I am currently a Research Fellow here at _gui<sup>2</sup>de_ at Georgetown.
I moved here in September 2019 from the World Bank,
where I sat in the research department (DEC),
sharing time between DECHD and DIME.

**My work:**

- Homepage: https://www.benjaminbdaniels.com
- Google Scholar: http://bit.ly/bbdaniels-scholar
- GitHub: https://github.com/bbdaniels
- _Data for Development Impact_ (Book): https://worldbank.github.com/d4di/
- MSIE Training Material: https://osf.io/h4d8y/
- RePEc: https://ideas.repec.org/f/pda505.html

---

# 🕵🏻‍♀️ Why are we talking about **field** research?

I will not talk about impact evaluation _theory_ but you should become familiar if you are not.
It sounds nice and neat when you get it in a classroom format;
the academic works that cover this material also tend to be very "clean".
Some examples:

- Athey/Imbens: https://pubs.aeaweb.org/doi/pdfplus/10.1257/jep.31.2.3
- Abadie/Cattaneo: https://www.annualreviews.org/doi/abs/10.1146/annurev-economics-080217-053402
- Cunningham: https://scunning.com/mixtape.html

Things seem nice and neat when you have these causal models.
However it is almost never neat in practice.
You will often find that a field coordinator is senior to a research assistant...
so think accordingly about your career choices!

---

# 💡 Motivation for lecture

**Why you should care:**

- Presumably you want to make people's lives better, or something like that
- Research (including intelligently-done evaluation services) is a popular path
- Even if you are not a researcher you will depend on or manage people who are

**If you are a research producer:**

- _Know_ that things are not as clean as in the books
- _Learn_ how to turn close contact with research studies and data into useful insights

**If you are a research consumer:**

- _Know_ that a lot of people are selling you snake oil
- _Learn_ what questions to ask to determine if you are getting high-quality info

---

# 🔮 What causes these dynamics?

**Who here has been on a field visit?**

- Research studies are an _abstraction layer_.
- People who are doing field research are translating _information_ into _data_
- Implementers (NGOs, govt's, etc.) usually have lots of _information_ but no _data_.
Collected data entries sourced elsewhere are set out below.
lemma tendsto_fmax_game_value:
  assumes "\<forall>k. z k \<in> prob_simplex n \<and> fmax n m A (z k) < v + inverse (real (Suc k))"
  shows "(\<lambda>k. fmax n m A (z k)) \<longlonglongrightarrow> v"
proof (rule tendsto_sandwich)
  show "\<forall>\<^sub>F k in sequentially. v \<le> fmax n m A (z k)"
    using assms game_value_le_fmax by simp
  show "\<forall>\<^sub>F k in sequentially. fmax n m A (z k) \<le> v + inverse (real (Suc k))"
    using assms by (simp add: less_imp_le)
  show "(\<lambda>k. v + inverse (real (Suc k))) \<longlonglongrightarrow> v"
    using tendsto_add[OF tendsto_const LIMSEQ_inverse_real_of_nat, of v] by simp
qed simp

lemma convergent_subseq_row_minimax:
  assumes z: "\<forall>k. z k \<in> prob_simplex n" and lim: "(\<lambda>k. fmax n m A (z k)) \<longlonglongrightarrow> v"
  shows "\<exists>r xbar. strict_mono r \<and> row_minimax n m A xbar \<and> (\<forall>i<n. (\<lambda>k. z (r k) i) \<longlonglongrightarrow> xbar i)"
proof -
  obtain r L where r: "strict_mono r" and L: "L \<in> prob_simplex n"
    and conv: "\<forall>i<n. (\<lambda>k. z (r k) i) \<longlonglongrightarrow> L i"
    using prob_simplex_convergent_subseq[OF z] by blast
  obtain j where j: "j < m" "fmax n m A L = col_payoff n A L j"
    using fmax_attained[OF m_pos] by blast
  have "(\<lambda>k. col_payoff n A (z (r k)) j) \<longlonglongrightarrow> col_payoff n A L j"
    unfolding col_payoff_def using conv by (intro tendsto_intros) auto
  moreover have "(\<lambda>k. fmax n m A (z (r k))) \<longlonglongrightarrow> v"
    using LIMSEQ_subseq_LIMSEQ[OF lim r] by (simp add: o_def)
  ultimately have "col_payoff n A L j \<le> v"
    using col_payoff_le_fmax[OF m_pos j(1)] by (intro tendsto_le[OF _ _ ]) (auto intro: always_eventually)
  then have "fmax n m A L = v" using game_value_le_fmax[OF L] j(2) by simp
  then show ?thesis using r L conv by (auto simp: row_minimax_def)
qed

lemma ex_row_minimax: "\<exists>x. row_minimax n m A x"
proof -
  have ne: "prob_simplex n \<noteq> {}" using unitv_in_prob_simplex[of 0 n] n_pos by auto
  have bdd: "bdd_below (fmax n m A ` prob_simplex n)"
    by (intro bdd_belowI2[of _ 0]) (simp add: fmax_bounds)
  have "\<exists>z\<in>prob_simplex n. fmax n m A z < v + inverse (real (Suc k))" for k
    using cINF_less_iff[OF ne bdd, of "v + inverse (real (Suc k))"] by (simp add: game_value_def)
  then obtain z where "\<forall>k. z k \<in> prob_simplex n \<and> fmax n m A (z k) < v + inverse (real (Suc k))"
    by metis
  then show ?thesis
    using convergent_subseq_row_minimax tendsto_fmax_game_value by blast
qed

end

section \<open>Multiplicative weights\<close>

locale mwu_dynamics =
  fixes n m :: nat and A :: "nat \<Rightarrow> nat \<Rightarrow> real"
    and mu :: "nat \<Rightarrow> real" and x y :: "nat \<Rightarrow> nat \<Rightarrow> real"
  assumes x1: "x 1 \<in> prob_simplex n" and x1_pos: "\<forall>i<n. 0 < x 1 i"
    and mwu: "\<forall>t\<ge>1. \<forall>i<n. x (Suc t) i =
        x t i * exp (- mu t * (\<Sum>j<m. A i j * y t j)) /
        (\<Sum>k<n. x t k * exp (- mu t * (\<Sum>j<m. A k j * y t j)))"
begin

definition normalizer :: "nat \<Rightarrow> real" where
  "normalizer t = (\<Sum>k<n. x t k * exp (- mu t * row_payoff m A (y t) k))"

lemma mwu_step:
  "1 \<le> t \<Longrightarrow> i < n \<Longrightarrow> x (Suc t) i = x t i * exp (- mu t * row_payoff m A (y t) i) / normalizer t"
  using mwu by (simp add: row_payoff_def normalizer_def)

lemma x_in_prob_simplex_pos: "1 \<le> t \<Longrightarrow> x t \<in> prob_simplex n \<and> (\<forall>i<n. 0 < x t i)"
proof (induction t rule: dec_induct)
  case base
  then show ?case using x1 x1_pos by simp
next
  case (step t)
  then have pos: "0 < x t k * exp (- mu t * row_payoff m A (y t) k)" if "k < n" for k
    using that by simp
  have n: "{..<n} \<noteq> {}" using step.IH by (auto simp: prob_simplex_def)
  have Z: "0 < normalizer t"
    unfolding normalizer_def using pos n by (intro sum_pos) auto
  have "(\<Sum>i<n. x (Suc t) i) = (\<Sum>i<n. x t i * exp (- mu t * row_payoff m A (y t) i)) / normalizer t"
    using mwu_step[OF step.hyps(1)] by (simp add: sum_divide_distrib)
  also have "\<dots> = 1" using Z by (simp add: normalizer_def)
  finally show ?case
    using Z pos by (auto simp: prob_simplex_def mwu_step[OF step.hyps(1)] less_imp_le)
qed

lemma x_in_prob_simplex: "1 \<le> t \<Longrightarrow> x t \<in> prob_simplex n"
  and x_pos: "1 \<le> t \<Longrightarrow> i < n \<Longrightarrow> 0 < x t i"
  using x_in_prob_simplex_pos by auto

lemma normalizer_pos: "1 \<le> t \<Longrightarrow> 0 < normalizer t"
  unfolding normalizer_def using x_in_prob_simplex[of t] x_pos[of t]
  by (intro sum_pos) (auto simp: prob_simplex_def)

lemma rel_entropy_step:
  assumes t: "1 \<le> t" and p: "p \<in> prob_simplex n"
  shows "rel_entropy n p (x (Suc t))
    = rel_entropy n p (x t) + mu t * payoff n m A p (y t) + ln (normalizer t)"
proof -
  have "x (Suc t) i = x t i / (normalizer t * exp (mu t * row_payoff m A (y t) i))" if "i < n" for i
    using mwu_step[OF t that] by (simp add: exp_minus field_simps)
  then have log_ratio: "ln (p i / x (Suc t) i)
      = ln (p i / x t i) + mu t * row_payoff m A (y t) i + ln (normalizer t)"
    if "i < n" "0 < p i" for i
    using that x_pos[OF t that(1)] normalizer_pos[OF t] by (simp add: ln_div ln_mult)
  have "rel_entropy n p (x (Suc t)) = (\<Sum>i<n. (if p i = 0 then 0 else p i * ln (p i / x t i))
      + p i * (mu t * row_payoff m A (y t) i) + p i * ln (normalizer t))"
    unfolding rel_entropy_def
    using p log_ratio by (intro sum.cong) (auto simp: prob_simplex_def less_le algebra_simps)
  also have "\<dots> = rel_entropy n p (x t) + mu t * payoff n m A p (y t) + ln (normalizer t)"
    using p unfolding rel_entropy_def payoff_eq_sum_row_payoff prob_simplex_def
    by (simp add: sum.distrib sum_distrib_left sum_distrib_right[symmetric] algebra_simps)
  finally show ?thesis .
qed

end

section \<open>Multiplicative weights against LRCA\<close>

locale mwu_lrca = matrix_game n m A + mwu_dynamics n m A mu x y
  for n m :: nat and A :: "nat \<Rightarrow> nat \<Rightarrow> real" and mu :: "nat \<Rightarrow> real"
    and x y :: "nat \<Rightarrow> nat \<Rightarrow> real" +
  fixes ystar :: "nat \<Rightarrow> real" and e :: "nat \<Rightarrow> nat" and alpha :: "nat \<Rightarrow> real"
  assumes mu_nonneg: "\<forall>t\<ge>1. 0 \<le> mu t"
    and mu_noninc: "\<forall>t\<ge>1. mu (Suc t) \<le> mu t"
    and mu_div: "filterlim (\<lambda>T. \<Sum>t=1..T. mu t) at_top sequentially"
    and mu_small: "\<exists>t'\<ge>1. mu t' \<le> 1"
    and ystar: "col_minimax n m A ystar"
    and odd_rounds: "\<forall>t\<ge>1. odd t \<longrightarrow> y t = ystar"
    and e_choice: "\<forall>t\<ge>1. even t \<longrightarrow> e t < m \<and>
        (\<forall>j<m. payoff n m A (x (t - 1)) (unitv j) \<le> payoff n m A (x (t - 1)) (unitv (e t)))"
    and alpha_def: "\<forall>t\<ge>1. even t \<longrightarrow>
        alpha t = (fmax n m A (x (t - 1)) - game_value n m A) / max (real n / 4) 2"
    and even_rounds: "\<forall>t\<ge>1. even t \<longrightarrow>
        y t = (\<lambda>j. (1 - alpha t) * ystar j + alpha t * unitv (e t) j)"
begin

abbreviation c :: real where "c \<equiv> max (real n / 4) 2"

lemma mu_antimono: "1 \<le> s \<Longrightarrow> s \<le> t \<Longrightarrow> mu t \<le> mu s"
  by (rule lift_Suc_antimono_le_ivl[of "{1..}"]) (use mu_noninc in auto)

lemma ystar_in_prob_simplex: "ystar \<in> prob_simplex m"
  using ystar by (simp add: col_minimax_def)

lemma game_value_le_row_payoff_ystar: "i < n \<Longrightarrow> v \<le> row_payoff m A ystar i"
  using col_minimax_le_payoff[OF ystar unitv_in_prob_simplex] payoff_unitv_left by metis

lemma fmax_gap_bounds:
  assumes "1 \<le> t"
  shows "0 \<le> fmax n m A (x t) - v" "fmax n m A (x t) - v \<le> 1"
  using game_value_le_fmax[OF x_in_prob_simplex[OF assms]]
    fmax_bounds[OF x_in_prob_simplex[OF assms]] game_value_bounds
  by auto

lemma alpha_bounds:
  assumes "1 \<le> t" "even t"
  shows "0 \<le> alpha t" "alpha t \<le> (fmax n m A (x (t - 1)) - v) / 2" "alpha t \<le> 1 / 2"
proof -
  have "t \<noteq> 1" using assms(2) by auto
  then have "1 \<le> t - 1" using assms(1) by linarith
  then have gap: "0 \<le> fmax n m A (x (t - 1)) - v" "fmax n m A (x (t - 1)) - v \<le> 1"
    by (rule fmax_gap_bounds)+
  have alpha: "alpha t = (fmax n m A (x (t - 1)) - v) / c" using alpha_def assms by simp
  show "0 \<le> alpha t" using gap by (simp add: alpha)
  show half_gap: "alpha t \<le> (fmax n m A (x (t - 1)) - v) / 2"
    unfolding alpha by (rule divide_left_mono) (use gap in auto)
  show "alpha t \<le> 1 / 2" using half_gap gap(2) by simp
qed

lemma e_best_response:
  assumes "1 \<le> t" "even t"
  shows "e t < m" "col_payoff n A (x (t - 1)) (e t) = fmax n m A (x (t - 1))"
proof -
  show e: "e t < m" using e_choice assms by blast
  obtain j where "j < m" "fmax n m A (x (t - 1)) = col_payoff n A (x (t - 1)) j"
    using fmax_attained[OF m_pos] by blast
  moreover have "payoff n m A (x (t - 1)) (unitv j) \<le> payoff n m A (x (t - 1)) (unitv (e t))"
    using e_choice assms \<open>j < m\<close> by blast
  ultimately show "col_payoff n A (x (t - 1)) (e t) = fmax n m A (x (t - 1))"
    using col_payoff_le_fmax[OF m_pos e, of n A "x (t - 1)"]
    by (simp add: payoff_unitv_right e)
qed

lemma y_in_prob_simplex:
  assumes "1 \<le> t"
  shows "y t \<in> prob_simplex m"
proof (cases "odd t")
  case True
  then show ?thesis using odd_rounds assms ystar_in_prob_simplex by simp
next
  case False
  then have "even t" by simp
  have "0 \<le> alpha t" "alpha t \<le> 1"
    using alpha_bounds(1,3)[OF assms \<open>even t\<close>] by auto
  then show ?thesis
    using even_rounds assms \<open>even t\<close> ystar_in_prob_simplex
      unitv_in_prob_simplex[OF e_best_response(1)[OF assms \<open>even t\<close>]]
    by (simp add: prob_simplex_convex)
qed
**Close contact with _information_ is needed to transform it to _data_**

- In many cases that is staff: research assistants or field coordinators
- Principals typically do not have the _time_ to learn a study as closely as they need
- Therefore you need to figure out how facts are being systematized or abstracted
- This is the first and most challenging task of a research study

**Never, ever, take data as "given": creating it is _always_ a "social process"!**

The rest of this presentation will talk about some specific steps in this process...

---

# Handling data ethically

---

# 💽 Handling data ethically

**Think of research as a public service**

- You are accountable to research _participants_ and research _consumers_
- Typically, some people are asking you to study the lives of some other people
- The people whose lives are being studied can _consent_ to letting you observe them,
and they typically do so in trust that their information is used securely for the public good

**Protect confidence in your work and in research in general**

- Three key tools: _reproducibility_, _transparency_, and _credibility_
- Reproducibility: make code and data as public as possible, and let people access it
- Transparency: prepare and release detailed documentation of your work
- Credibility: show your work so people can evaluate the quality of your design and data collection

---

# 🔐 Privacy and security

**Handling personally-identifying information is common**

- Research data that directly identifies participants is highly sensitive
- It is governed by US federal law and has serious consequences for mishandling
- Partners in the field (non-researchers especially) do not face the same regulation

**You need to be a leader in proper handling of data**

- IRB review and approval of processes is essential (messing this up is not fun...)
- Ensure that you have secure storage and transfer processes (check with institution)
- Don't handle data you don't need, and create masked copies as soon as you can

**This also means ensuring that you are _personally_ protected:**

- Get yourself a _two-factor authentication_ program and enable it on all accounts (Google Authenticator, Authy, Lastpass)
- Get yourself a _password manager_ so you can create secure passwords and share them with others (Bitwarden, LastPass)

---

# Collaborating on
# code and data

---

# 🎭 Collaborating on code

**It is less and less common that work is done by one person alone in a room**

- We have greatly advanced technology; it is not always wise to use it
- More important than being fancy is being able to work with others
- This especially includes others who have different skill sets than you

**The new world is a world of standardization and collaboration**

- _Workflows_ are the most important technology we have
- Everyone on your team should know what and how to make their contributions
- There are lots of work streams out there where you don't need to re-invent the wheel!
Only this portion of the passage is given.